The working class are tied together by their views that individuals should be treated with decency, respect, and on their own merits

Metropolitan commentators and politicians used to idolise the provincial English working class. Now these same people are ashamed of them. The working class were once the inspiration for literary classics, from DH Lawrence to Alan Sillitoe. They were voters Labour courted, and their decency and hard work were considered the backbone of this country. Now they are blamed not only for Brexit and Boris Johnson, but for something more fundamental: the creation of a nationalistic, intolerant, and illiberal nation. Who would want to write the equivalent of Sillitoe’s Nottingham classic Saturday Night and Sunday Morning today?

This is wrong on substance: the working class of England are highly liberal. It is also rooted in misdiagnosis: the fundamental value that motivates working class people is not nationalism, but an obsession with fairness. Working class people in this country are uninterested in group identities, but cannot bear the idea of people being unfairly treated. That, in turn, means they treat people as individuals in their own right.
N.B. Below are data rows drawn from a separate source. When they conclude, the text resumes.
lemma card_sigma_poly_kernel:
  "c k \<noteq> 0 \<Longrightarrow> card ((\<lambda>y :: 'a. \<Sum>l\<le>k. c l * y ^ (q ^ (2 * s * l))) -` {0}) \<le> (q ^ 2) ^ k"
proof (induction k arbitrary: c)
  case 0
  have "(\<lambda>y :: 'a. \<Sum>l\<le>0. c l * y ^ (q ^ (2 * s * l))) -` {0} = {0}" using 0 by auto
  thus ?case by simp
next
  case (Suc k)
  let ?K = "(\<lambda>y :: 'a. \<Sum>l\<le>Suc k. c l * y ^ (q ^ (2 * s * l))) -` {0}"
  show ?case
  proof (cases "?K \<subseteq> {0}")
    case True
    hence "card ?K \<le> 1" using card_mono[of "{0 :: 'a}" ?K] by simp
    moreover have "1 \<le> (q ^ 2) ^ Suc k" using q_ge_2 by simp
    ultimately show ?thesis by linarith
  next
    case False
    \<comment> \<open>rescaling by a nonzero root u makes the coefficients sum to 0, so the polynomial factors
      through y \<mapsto> \<sigma>(y) - y, whose fibres have at most q^2 elements\<close>
    then obtain u where u: "u \<in> ?K" "u \<noteq> 0" by auto
    define b where "b l = c l * u ^ (q ^ (2 * s * l))" for l
    define c' where "c' m = (\<Sum>l\<in>{Suc m..Suc k}. b l)" for m
    let ?h = "\<lambda>y :: 'a. \<Sum>l\<le>Suc k. b l * y ^ (q ^ (2 * s * l))"
    let ?g = "\<lambda>z :: 'a. \<Sum>m\<le>k. c' m * z ^ (q ^ (2 * s * m))"
    have "c' k \<noteq> 0" using Suc.prems u(2) by (simp add: c'_def b_def)
    have h_eq: "?h y = ?g (y ^ (q ^ (2 * s)) - y)" for y
      unfolding c'_def by (rule sigma_poly_factor) (use u(1) in \<open>simp add: b_def\<close>)
    have "?h = (\<lambda>y. \<Sum>l\<le>Suc k. c l * (u * y) ^ (q ^ (2 * s * l)))"
      by (rule ext) (simp add: b_def power_mult_distrib mult.assoc)
    hence "card ?K = card (?h -` {0})"
      using card_vimage_scale[OF u(2), of "\<lambda>y. \<Sum>l\<le>Suc k. c l * y ^ (q ^ (2 * s * l))"] by simp
    also have "?h -` {0} = (\<lambda>y. y ^ (q ^ (2 * s)) - y) -` (?g -` {0})"
      by (intro set_eqI) (simp only: vimage_eq h_eq)
    also have "card \<dots> \<le> card (?g -` {0}) * q ^ 2"
      by (intro card_vimage_le card_frob_generator_fiber) simp
    also have "\<dots> \<le> (q ^ 2) ^ k * q ^ 2" using Suc.IH[of c', OF \<open>c' k \<noteq> 0\<close>] by simp
    finally show ?thesis by (simp add: mult.commute)
  qed
qed

lemma card_sigma_poly_kernel_lessThan:
  assumes "\<exists>l<L. c l \<noteq> 0"
  shows "card ((\<lambda>y :: 'a. \<Sum>l<L. c l * y ^ (q ^ (2 * s * l))) -` {0}) \<le> (q ^ 2) ^ (L - 1)"
proof -
  define k where "k = Max {l. l < L \<and> c l \<noteq> 0}"
  have k: "k < L" "c k \<noteq> 0" and above_k: "\<And>l. k < l \<Longrightarrow> l < L \<Longrightarrow> c l = 0"
    using assms Max_in[of "{l. l < L \<and> c l \<noteq> 0}"] Max_ge[of "{l. l < L \<and> c l \<noteq> 0}"]
    by (fastforce simp: k_def)+
  have "(\<Sum>l<L. c l * y ^ (q ^ (2 * s * l))) = (\<Sum>l\<le>k. c l * y ^ (q ^ (2 * s * l)))" for y :: 'a
    by (rule sum.mono_neutral_right) (use k above_k in auto)
  hence "card ((\<lambda>y :: 'a. \<Sum>l<L. c l * y ^ (q ^ (2 * s * l))) -` {0}) \<le> (q ^ 2) ^ k"
    using card_sigma_poly_kernel[of c k, OF k(2)] by simp
  also have "\<dots> \<le> (q ^ 2) ^ (L - 1)" using k(1) one_less_q2 by (intro power_increasing) auto
  finally show ?thesis .
qed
Working class voters are highly positive about gay marriage; why should two people who love each other be unable to marry? Ninety per cent would be happy for their child to marry someone from a different ethnic group. They think immigrants who do important work should be welcomed and treated with respect. They were appalled by the Windrush scandal. They loathe bullying in schools. They still revere Churchill as someone who stood up to Nazi bullies.

All of these are tied together by the view that individuals should be treated with decency, respect, and on their own merits. It is why they simultaneously want to see more contributory welfare – where those who have worked harder get better treatment – but more support for those with serious illness and disabilities.

In the hundreds of focus groups I have run in working class towns like Walsall, Rotherham, Preston, Crewe, Oldham, Darlington and Whitehaven, I can think of only a tiny handful of people who expressed a desire for an end to all immigration. I have never heard anyone reminisce about the Empire. And I have also never heard working class people spew bile about middle-class Left-wingers in London; thankfully, because they are essentially apolitical, they do not know how much they are despised by these elites.

To be clear: the English working class will neither support nor sustain a populist political party (they talk fondly of David Cameron, for goodness sake). This supposed threat is all in the minds of middle class Left-wingers; people who equate “Brexit and Trump” are delusional.

This warped vision of the jingoism of the English has led to bizarre political contortions which could have dangerous consequences. The biggest threat is Scottish independence. The SNP attracts moral support among the English Left, who deem Scottish nationalism progressive in comparison to the aggressive nationalism of England. We can hardly be surprised that support for independence is growing, when increasing numbers of influential English people openly suggest swathes of their own people are not worthy of respect.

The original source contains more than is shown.